▸ Exercise goal
Looking at the records below, please work out how many lines contain the word "thesis" and give the number alone.
#####
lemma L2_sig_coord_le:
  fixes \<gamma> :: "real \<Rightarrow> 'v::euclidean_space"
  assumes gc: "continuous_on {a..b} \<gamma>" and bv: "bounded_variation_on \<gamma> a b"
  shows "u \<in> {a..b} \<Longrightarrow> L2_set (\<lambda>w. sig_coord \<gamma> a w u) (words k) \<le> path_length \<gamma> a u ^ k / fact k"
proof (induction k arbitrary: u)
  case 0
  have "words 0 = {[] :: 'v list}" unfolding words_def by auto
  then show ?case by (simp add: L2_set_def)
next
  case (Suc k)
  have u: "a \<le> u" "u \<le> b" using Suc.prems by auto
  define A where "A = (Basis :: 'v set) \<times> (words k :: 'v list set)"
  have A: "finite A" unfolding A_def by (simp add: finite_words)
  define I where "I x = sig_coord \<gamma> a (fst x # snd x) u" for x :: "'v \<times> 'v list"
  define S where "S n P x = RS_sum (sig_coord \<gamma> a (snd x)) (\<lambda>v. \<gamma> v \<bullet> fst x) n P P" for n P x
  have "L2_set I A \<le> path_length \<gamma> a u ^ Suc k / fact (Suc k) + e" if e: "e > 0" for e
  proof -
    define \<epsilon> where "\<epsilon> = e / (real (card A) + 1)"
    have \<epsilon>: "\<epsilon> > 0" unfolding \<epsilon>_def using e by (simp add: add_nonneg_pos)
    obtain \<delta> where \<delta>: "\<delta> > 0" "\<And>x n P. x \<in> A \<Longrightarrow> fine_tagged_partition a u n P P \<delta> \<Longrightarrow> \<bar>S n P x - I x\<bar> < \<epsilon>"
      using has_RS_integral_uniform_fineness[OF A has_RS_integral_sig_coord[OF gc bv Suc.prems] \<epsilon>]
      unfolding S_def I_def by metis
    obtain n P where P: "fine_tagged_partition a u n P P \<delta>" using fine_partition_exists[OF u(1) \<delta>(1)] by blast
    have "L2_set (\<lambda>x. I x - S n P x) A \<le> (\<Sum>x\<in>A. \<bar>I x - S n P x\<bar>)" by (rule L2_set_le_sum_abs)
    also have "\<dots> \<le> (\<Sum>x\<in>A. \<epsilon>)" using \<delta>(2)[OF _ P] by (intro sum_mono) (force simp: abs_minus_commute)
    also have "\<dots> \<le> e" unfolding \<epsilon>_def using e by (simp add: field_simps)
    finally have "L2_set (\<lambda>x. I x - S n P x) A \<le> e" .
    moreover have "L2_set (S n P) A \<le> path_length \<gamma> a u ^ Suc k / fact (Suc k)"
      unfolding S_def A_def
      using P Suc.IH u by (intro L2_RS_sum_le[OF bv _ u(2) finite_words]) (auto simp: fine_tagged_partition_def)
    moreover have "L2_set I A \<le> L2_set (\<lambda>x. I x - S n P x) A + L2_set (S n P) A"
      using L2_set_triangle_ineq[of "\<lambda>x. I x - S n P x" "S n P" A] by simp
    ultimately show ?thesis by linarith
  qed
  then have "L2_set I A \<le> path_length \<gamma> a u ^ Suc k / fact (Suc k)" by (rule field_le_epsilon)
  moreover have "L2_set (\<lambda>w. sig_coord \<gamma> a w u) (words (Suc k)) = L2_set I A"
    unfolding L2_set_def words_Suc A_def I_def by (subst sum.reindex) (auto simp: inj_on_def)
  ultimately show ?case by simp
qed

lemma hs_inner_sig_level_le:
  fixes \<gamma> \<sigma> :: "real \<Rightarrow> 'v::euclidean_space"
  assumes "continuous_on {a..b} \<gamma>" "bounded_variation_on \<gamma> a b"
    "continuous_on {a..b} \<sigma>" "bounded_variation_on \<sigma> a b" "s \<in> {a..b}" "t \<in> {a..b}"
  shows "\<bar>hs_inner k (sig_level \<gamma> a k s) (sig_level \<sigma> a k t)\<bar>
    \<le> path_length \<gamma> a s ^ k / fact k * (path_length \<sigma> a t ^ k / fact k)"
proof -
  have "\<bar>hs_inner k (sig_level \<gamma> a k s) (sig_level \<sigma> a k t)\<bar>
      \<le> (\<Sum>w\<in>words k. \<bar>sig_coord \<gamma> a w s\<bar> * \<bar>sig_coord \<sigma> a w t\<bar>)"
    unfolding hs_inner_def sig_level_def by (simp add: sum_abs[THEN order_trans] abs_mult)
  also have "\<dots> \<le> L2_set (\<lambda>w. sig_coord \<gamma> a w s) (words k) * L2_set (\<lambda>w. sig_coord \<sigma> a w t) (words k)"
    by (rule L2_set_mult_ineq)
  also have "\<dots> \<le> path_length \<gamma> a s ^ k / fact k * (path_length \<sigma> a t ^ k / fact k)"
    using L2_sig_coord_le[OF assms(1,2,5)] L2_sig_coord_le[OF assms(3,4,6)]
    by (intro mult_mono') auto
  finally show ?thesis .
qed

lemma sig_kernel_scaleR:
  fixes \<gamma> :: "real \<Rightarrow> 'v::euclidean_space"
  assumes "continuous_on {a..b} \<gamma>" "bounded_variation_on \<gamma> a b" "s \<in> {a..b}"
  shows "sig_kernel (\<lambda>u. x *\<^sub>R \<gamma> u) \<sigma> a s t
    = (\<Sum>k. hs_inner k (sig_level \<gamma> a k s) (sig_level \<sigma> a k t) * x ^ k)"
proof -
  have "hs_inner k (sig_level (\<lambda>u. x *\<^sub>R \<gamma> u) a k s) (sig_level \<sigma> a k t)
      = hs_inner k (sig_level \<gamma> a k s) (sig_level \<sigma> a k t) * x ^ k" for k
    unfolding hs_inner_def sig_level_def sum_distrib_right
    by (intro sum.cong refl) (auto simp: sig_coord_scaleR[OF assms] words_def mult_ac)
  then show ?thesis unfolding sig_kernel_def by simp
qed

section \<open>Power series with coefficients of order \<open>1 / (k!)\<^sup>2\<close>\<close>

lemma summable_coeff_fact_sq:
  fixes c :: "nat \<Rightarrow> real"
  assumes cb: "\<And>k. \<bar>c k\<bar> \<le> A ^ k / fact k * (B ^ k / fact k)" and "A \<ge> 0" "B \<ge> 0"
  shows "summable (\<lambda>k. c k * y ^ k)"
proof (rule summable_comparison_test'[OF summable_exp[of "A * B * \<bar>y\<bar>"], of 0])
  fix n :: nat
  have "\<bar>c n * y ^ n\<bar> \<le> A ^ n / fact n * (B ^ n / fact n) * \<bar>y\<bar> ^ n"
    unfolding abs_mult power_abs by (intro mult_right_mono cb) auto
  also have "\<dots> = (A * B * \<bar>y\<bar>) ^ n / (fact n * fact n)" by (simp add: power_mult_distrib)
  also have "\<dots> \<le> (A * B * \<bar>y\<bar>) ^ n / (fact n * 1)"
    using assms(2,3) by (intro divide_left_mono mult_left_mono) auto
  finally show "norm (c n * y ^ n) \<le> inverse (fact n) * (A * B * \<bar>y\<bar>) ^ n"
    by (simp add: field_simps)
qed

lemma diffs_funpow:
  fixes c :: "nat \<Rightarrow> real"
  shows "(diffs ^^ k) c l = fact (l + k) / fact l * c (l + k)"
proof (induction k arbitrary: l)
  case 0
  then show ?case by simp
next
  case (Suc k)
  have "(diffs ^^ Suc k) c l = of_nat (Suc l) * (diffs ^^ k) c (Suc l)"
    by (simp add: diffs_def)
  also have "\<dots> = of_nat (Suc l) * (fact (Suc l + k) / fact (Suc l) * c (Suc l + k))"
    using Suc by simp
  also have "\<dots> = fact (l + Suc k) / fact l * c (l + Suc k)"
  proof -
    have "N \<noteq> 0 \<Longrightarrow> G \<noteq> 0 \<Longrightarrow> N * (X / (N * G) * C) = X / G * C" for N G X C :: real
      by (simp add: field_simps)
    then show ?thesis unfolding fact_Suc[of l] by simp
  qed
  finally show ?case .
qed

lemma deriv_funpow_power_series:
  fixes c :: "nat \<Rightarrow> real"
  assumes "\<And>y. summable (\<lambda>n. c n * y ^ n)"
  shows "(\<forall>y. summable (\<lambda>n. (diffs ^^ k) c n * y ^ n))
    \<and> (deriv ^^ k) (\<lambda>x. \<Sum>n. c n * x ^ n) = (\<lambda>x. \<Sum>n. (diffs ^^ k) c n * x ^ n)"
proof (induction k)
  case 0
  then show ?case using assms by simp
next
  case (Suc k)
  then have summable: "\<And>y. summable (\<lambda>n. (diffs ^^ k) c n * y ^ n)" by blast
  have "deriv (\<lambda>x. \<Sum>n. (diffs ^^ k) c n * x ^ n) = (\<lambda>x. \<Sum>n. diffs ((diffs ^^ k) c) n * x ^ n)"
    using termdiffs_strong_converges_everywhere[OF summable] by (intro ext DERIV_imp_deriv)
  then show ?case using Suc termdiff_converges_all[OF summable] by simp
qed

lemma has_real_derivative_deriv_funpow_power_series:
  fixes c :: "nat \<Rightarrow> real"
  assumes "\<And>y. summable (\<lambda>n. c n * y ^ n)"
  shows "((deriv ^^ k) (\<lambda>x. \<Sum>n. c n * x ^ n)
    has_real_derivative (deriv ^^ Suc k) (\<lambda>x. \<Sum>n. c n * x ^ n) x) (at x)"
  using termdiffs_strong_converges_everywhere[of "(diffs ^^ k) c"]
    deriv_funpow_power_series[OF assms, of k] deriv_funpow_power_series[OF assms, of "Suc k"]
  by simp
#####
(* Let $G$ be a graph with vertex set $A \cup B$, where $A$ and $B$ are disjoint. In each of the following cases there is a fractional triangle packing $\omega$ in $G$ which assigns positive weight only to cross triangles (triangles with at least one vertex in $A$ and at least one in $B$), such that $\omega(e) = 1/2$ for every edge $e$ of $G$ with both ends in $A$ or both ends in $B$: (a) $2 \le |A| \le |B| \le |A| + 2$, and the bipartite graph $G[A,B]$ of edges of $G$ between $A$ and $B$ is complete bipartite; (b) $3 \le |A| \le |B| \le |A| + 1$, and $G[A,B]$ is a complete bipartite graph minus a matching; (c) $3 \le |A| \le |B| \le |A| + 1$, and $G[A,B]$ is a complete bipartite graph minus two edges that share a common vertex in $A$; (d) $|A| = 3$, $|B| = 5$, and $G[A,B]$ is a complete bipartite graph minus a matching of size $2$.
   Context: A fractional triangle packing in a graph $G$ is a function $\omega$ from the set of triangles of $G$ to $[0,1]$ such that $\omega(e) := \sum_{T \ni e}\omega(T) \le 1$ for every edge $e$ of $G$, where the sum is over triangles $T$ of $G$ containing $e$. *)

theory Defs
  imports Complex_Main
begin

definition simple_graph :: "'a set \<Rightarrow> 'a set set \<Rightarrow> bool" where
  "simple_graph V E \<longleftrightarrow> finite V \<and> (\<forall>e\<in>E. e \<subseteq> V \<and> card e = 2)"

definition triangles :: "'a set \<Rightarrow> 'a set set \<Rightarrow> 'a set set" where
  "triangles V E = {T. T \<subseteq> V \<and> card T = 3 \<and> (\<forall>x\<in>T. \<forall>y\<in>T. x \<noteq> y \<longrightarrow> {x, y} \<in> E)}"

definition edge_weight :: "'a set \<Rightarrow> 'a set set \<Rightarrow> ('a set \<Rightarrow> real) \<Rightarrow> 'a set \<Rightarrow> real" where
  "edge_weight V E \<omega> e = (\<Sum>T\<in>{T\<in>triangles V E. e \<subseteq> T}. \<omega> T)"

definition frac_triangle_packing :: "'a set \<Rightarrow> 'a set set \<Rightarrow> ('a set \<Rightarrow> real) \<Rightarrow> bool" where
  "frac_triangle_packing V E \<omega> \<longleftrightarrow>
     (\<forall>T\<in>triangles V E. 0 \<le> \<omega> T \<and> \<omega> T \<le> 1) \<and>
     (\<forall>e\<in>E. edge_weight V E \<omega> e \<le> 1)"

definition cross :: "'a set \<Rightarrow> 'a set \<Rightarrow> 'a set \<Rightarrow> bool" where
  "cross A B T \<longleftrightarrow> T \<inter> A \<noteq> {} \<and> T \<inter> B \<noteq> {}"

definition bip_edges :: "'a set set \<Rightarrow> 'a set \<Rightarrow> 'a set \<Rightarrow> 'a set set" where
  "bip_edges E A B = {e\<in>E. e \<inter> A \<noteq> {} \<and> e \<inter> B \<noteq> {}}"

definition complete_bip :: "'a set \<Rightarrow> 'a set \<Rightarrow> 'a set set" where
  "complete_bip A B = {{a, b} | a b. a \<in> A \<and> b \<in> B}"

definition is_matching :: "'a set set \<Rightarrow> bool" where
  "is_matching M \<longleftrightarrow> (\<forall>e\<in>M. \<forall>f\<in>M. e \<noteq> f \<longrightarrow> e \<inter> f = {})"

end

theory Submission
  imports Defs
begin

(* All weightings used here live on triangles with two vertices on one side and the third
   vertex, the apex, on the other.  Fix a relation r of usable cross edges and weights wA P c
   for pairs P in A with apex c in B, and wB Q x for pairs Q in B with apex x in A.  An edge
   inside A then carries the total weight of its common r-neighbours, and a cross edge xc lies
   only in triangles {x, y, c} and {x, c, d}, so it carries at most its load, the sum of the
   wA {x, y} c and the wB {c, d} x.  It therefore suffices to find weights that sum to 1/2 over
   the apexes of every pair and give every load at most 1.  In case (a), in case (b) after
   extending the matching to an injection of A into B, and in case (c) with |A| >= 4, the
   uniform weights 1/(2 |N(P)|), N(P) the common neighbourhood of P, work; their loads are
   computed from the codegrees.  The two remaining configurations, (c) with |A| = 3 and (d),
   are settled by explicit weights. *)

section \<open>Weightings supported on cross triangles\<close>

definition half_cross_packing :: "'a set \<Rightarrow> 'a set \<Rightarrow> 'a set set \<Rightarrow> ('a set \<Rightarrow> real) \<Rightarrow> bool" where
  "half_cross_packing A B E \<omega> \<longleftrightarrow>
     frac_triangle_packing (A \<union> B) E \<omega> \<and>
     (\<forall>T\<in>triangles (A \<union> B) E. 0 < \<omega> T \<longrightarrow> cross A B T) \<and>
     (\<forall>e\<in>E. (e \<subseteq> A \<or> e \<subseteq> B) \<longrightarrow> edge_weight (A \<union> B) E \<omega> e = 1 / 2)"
#####
▸ Response area
4